● How to complete this task:
Going through the data below, copy out each line where the word "lparr" shows up.

● Working data:

((

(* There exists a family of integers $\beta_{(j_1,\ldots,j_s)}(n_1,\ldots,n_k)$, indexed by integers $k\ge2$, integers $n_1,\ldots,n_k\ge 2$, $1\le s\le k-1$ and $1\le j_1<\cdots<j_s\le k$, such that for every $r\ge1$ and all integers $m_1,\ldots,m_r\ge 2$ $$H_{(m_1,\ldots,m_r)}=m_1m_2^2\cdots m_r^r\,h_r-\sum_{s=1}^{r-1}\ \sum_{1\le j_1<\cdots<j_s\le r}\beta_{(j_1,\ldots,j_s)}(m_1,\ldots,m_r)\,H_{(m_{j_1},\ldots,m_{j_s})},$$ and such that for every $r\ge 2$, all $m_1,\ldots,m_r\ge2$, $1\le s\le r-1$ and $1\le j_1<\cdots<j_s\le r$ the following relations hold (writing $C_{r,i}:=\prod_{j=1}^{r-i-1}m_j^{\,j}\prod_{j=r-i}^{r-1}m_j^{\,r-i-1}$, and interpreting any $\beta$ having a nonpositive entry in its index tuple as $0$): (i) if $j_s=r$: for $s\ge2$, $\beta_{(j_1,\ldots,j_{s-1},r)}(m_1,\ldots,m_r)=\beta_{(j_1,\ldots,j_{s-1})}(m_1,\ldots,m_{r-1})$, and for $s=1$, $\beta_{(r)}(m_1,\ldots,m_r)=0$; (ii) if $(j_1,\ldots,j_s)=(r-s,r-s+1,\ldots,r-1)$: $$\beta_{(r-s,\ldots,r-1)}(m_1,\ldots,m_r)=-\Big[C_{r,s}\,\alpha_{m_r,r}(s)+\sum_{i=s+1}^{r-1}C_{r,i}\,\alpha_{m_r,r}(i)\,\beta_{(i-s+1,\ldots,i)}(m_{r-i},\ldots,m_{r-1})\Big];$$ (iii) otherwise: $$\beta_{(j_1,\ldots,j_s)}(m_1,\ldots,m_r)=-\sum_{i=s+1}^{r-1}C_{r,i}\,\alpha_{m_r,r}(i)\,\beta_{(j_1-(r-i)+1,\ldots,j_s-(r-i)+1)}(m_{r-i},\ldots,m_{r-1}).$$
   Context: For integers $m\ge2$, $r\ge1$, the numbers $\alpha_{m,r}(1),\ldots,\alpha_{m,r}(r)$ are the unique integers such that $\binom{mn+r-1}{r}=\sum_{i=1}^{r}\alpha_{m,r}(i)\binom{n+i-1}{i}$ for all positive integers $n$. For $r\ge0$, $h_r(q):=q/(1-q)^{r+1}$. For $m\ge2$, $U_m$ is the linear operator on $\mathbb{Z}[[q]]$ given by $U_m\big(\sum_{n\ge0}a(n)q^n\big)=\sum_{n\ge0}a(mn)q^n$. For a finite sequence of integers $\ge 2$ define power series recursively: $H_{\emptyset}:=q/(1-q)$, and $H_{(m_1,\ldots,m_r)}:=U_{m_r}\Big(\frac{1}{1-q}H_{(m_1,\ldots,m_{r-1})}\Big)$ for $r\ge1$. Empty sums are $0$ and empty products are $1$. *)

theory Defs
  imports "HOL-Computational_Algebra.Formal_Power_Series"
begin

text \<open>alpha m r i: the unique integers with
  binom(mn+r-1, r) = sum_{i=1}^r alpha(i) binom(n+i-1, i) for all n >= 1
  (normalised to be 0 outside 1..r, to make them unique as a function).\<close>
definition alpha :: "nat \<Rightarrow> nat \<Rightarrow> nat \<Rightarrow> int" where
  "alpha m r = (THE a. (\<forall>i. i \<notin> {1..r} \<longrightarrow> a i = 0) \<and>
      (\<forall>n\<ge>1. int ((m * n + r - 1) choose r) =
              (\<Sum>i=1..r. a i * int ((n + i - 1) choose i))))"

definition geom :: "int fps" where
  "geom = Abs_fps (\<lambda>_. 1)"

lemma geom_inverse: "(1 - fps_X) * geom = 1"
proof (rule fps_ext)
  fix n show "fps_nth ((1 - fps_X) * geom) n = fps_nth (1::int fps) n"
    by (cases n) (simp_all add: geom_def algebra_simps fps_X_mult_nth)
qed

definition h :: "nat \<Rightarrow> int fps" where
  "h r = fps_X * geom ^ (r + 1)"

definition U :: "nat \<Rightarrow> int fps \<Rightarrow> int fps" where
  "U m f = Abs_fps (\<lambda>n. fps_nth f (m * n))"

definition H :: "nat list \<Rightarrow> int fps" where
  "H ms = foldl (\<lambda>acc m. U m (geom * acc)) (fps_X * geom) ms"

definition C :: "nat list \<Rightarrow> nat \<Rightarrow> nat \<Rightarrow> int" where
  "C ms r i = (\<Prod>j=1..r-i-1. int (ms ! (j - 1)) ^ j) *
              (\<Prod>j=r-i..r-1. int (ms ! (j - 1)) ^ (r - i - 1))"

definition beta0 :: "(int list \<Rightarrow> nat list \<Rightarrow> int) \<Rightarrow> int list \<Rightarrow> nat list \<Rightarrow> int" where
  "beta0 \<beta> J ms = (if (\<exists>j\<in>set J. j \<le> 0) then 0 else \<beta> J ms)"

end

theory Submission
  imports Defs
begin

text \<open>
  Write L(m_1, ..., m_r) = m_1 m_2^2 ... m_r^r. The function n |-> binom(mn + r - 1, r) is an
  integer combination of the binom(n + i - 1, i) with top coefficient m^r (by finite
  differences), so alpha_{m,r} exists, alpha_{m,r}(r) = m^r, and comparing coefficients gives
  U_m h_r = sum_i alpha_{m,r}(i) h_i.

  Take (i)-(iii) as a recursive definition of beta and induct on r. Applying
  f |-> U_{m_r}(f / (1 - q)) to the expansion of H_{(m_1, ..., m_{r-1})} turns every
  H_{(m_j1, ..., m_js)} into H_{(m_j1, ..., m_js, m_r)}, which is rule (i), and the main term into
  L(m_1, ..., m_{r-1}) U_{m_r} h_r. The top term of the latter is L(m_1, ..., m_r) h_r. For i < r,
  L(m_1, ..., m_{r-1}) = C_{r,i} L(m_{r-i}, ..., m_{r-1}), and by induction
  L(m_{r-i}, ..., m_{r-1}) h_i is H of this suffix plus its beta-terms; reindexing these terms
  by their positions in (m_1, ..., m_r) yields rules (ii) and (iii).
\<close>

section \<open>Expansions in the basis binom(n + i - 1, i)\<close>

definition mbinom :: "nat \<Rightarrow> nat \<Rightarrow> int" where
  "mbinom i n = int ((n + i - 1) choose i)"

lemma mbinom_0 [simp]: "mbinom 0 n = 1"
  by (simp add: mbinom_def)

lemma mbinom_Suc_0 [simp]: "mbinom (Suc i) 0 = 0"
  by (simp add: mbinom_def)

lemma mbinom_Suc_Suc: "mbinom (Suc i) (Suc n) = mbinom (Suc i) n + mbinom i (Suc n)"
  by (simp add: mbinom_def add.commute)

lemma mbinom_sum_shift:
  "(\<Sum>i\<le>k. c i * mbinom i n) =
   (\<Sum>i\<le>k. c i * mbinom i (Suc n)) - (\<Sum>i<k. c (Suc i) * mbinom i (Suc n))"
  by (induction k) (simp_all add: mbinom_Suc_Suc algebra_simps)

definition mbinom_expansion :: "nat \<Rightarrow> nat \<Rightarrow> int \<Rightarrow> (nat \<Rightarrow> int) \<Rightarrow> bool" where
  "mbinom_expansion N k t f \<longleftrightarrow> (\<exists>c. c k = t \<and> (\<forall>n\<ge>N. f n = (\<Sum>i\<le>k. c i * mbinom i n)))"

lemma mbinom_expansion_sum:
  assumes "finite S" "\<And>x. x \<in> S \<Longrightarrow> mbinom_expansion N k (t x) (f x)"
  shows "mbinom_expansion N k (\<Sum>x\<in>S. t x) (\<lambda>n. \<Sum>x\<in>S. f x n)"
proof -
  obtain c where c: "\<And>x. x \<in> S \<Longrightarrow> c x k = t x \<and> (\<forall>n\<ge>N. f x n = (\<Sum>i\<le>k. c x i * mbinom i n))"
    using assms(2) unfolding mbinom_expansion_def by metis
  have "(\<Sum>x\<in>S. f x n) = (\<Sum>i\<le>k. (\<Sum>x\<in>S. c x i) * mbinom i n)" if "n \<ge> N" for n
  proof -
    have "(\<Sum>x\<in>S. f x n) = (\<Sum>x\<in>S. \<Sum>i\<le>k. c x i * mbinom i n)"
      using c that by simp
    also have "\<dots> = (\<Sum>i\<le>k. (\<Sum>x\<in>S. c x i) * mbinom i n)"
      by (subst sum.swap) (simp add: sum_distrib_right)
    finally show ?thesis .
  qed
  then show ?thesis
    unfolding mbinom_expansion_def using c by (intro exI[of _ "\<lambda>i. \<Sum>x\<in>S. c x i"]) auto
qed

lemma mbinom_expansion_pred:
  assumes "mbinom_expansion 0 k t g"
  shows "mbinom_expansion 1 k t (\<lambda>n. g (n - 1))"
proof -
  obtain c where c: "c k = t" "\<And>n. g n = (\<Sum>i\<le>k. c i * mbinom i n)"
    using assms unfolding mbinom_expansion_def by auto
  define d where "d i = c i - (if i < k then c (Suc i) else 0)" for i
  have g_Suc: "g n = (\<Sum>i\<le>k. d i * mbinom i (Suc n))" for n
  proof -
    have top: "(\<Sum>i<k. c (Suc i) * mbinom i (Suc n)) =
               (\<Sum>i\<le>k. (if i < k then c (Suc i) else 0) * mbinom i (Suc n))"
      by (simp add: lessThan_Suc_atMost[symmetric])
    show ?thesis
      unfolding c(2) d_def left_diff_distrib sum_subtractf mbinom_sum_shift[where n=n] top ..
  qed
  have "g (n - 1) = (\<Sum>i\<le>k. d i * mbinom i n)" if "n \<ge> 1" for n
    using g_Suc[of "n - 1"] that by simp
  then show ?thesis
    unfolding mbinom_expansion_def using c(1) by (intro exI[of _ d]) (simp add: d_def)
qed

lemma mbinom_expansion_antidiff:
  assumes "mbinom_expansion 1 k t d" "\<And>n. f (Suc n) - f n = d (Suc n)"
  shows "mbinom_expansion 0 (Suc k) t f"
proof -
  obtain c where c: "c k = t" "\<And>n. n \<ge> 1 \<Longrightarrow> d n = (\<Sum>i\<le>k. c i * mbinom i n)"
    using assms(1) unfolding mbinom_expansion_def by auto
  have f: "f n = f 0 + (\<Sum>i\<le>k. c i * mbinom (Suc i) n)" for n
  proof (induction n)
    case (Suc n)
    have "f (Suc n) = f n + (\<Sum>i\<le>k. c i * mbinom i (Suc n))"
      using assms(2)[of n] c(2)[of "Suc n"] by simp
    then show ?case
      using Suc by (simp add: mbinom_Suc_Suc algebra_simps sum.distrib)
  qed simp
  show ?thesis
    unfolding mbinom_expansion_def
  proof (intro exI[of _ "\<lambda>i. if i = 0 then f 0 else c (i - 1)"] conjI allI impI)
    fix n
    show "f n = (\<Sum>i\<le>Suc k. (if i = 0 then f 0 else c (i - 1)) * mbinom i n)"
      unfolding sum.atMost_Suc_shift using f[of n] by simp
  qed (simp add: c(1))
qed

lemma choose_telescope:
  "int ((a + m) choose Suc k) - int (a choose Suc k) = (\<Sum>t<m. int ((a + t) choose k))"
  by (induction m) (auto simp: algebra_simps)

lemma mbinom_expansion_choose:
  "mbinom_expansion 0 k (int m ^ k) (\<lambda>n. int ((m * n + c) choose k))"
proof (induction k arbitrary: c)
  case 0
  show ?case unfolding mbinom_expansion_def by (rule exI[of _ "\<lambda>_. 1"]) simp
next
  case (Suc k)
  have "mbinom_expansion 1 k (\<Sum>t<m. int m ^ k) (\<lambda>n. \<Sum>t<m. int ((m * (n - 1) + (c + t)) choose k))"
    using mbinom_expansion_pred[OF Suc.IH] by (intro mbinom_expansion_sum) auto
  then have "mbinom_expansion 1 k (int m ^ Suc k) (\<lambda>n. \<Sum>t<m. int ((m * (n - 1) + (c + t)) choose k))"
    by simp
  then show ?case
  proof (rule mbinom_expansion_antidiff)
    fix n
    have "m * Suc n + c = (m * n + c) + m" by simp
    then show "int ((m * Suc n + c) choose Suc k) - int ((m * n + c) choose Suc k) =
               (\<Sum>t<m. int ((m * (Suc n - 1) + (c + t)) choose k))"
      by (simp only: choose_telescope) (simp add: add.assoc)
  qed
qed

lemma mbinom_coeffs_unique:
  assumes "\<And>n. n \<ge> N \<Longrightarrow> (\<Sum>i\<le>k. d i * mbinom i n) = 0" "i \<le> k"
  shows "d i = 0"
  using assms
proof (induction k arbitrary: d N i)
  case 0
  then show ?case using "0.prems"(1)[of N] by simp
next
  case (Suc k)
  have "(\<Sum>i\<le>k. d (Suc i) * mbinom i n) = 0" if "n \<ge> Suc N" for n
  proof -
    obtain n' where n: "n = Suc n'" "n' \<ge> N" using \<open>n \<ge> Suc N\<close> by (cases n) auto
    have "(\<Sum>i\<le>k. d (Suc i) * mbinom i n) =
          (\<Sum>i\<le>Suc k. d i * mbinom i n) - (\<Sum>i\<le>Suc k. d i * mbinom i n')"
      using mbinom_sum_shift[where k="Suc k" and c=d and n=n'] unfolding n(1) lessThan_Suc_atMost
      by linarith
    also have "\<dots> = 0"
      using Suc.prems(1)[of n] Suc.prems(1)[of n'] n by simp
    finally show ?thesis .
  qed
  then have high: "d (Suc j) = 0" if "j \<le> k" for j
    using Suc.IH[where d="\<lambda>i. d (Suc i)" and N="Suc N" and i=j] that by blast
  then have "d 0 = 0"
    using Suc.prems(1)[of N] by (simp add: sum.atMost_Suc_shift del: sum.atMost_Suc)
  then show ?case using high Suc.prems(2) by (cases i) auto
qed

))
((

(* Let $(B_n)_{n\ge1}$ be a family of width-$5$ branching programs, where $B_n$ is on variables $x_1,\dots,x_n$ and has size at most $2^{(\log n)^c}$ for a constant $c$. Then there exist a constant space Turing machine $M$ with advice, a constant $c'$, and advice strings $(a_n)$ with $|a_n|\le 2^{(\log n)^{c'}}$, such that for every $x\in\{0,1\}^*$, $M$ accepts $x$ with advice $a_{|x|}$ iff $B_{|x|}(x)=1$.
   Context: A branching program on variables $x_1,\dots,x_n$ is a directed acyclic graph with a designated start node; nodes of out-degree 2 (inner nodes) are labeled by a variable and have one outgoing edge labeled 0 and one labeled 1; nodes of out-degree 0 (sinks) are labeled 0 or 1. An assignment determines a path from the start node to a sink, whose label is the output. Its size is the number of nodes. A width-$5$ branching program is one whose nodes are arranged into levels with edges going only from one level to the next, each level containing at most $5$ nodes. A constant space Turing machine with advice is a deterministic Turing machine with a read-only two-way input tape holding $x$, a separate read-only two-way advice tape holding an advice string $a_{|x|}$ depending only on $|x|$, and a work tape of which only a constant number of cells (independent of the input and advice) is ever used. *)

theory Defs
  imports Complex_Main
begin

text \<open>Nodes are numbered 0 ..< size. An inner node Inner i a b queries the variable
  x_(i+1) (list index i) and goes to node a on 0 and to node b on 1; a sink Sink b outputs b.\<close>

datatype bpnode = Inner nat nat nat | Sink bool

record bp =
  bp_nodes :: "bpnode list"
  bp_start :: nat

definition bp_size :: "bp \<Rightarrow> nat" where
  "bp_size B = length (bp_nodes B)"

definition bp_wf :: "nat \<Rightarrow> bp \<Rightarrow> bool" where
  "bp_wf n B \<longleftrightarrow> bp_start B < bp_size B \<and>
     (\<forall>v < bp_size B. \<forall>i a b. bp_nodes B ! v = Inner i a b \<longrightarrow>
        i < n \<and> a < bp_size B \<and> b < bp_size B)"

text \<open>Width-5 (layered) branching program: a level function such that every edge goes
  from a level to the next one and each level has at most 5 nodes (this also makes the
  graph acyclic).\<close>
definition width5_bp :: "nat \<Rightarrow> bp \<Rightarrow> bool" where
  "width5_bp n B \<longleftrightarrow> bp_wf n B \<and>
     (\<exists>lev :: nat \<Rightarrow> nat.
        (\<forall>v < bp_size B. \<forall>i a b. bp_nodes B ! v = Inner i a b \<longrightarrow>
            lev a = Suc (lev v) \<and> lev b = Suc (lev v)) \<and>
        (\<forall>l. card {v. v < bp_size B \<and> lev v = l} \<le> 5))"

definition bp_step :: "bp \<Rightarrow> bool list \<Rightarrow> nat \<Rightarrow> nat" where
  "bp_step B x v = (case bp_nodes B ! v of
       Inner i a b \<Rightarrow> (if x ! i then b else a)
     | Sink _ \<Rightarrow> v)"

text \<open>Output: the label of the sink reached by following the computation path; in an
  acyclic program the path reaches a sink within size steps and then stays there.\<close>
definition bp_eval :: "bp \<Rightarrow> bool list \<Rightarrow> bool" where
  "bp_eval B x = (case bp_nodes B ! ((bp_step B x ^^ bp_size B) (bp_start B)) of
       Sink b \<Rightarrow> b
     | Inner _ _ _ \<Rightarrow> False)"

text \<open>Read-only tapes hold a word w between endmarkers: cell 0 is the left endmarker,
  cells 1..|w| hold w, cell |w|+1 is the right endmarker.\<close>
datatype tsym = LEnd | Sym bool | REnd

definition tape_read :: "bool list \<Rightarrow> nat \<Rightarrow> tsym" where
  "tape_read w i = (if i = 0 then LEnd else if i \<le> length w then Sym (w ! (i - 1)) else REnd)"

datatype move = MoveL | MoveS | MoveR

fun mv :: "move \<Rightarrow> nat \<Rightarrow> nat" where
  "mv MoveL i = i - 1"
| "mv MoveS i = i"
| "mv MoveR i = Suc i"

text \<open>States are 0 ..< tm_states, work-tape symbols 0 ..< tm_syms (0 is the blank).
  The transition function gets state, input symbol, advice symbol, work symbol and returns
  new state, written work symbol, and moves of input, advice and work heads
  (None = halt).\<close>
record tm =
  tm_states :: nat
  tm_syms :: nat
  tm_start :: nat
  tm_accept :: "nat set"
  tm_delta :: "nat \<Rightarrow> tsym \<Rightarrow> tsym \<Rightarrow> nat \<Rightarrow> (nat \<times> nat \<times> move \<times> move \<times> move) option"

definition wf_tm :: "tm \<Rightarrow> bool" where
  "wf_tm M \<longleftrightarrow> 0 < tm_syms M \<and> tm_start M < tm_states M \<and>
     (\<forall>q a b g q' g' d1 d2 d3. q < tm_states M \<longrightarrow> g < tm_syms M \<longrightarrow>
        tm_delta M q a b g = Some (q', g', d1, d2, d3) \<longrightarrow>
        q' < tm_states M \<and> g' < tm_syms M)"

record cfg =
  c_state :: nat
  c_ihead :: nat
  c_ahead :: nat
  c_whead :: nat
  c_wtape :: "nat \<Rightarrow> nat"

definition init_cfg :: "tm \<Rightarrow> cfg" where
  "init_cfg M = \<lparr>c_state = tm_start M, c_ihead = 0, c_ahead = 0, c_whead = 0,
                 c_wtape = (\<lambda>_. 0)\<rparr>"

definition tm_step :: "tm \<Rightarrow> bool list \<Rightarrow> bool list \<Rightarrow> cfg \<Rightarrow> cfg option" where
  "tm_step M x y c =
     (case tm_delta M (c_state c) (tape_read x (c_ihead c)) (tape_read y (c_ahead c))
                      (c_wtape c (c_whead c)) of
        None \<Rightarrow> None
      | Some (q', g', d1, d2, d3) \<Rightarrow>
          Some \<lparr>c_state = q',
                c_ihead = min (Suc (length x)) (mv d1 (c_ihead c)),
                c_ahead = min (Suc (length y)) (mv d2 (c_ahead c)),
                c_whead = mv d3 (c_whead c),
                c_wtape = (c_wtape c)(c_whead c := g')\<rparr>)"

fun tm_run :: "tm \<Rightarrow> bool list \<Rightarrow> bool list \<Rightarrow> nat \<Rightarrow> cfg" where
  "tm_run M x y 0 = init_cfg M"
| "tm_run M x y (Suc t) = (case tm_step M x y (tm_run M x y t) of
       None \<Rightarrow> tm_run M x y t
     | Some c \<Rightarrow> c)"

))

● Expected output:
  "init_cfg M = \<lparr>c_state = tm_start M, c_ihead = 0, c_ahead = 0, c_whead = 0,
          Some \<lparr>c_state = q',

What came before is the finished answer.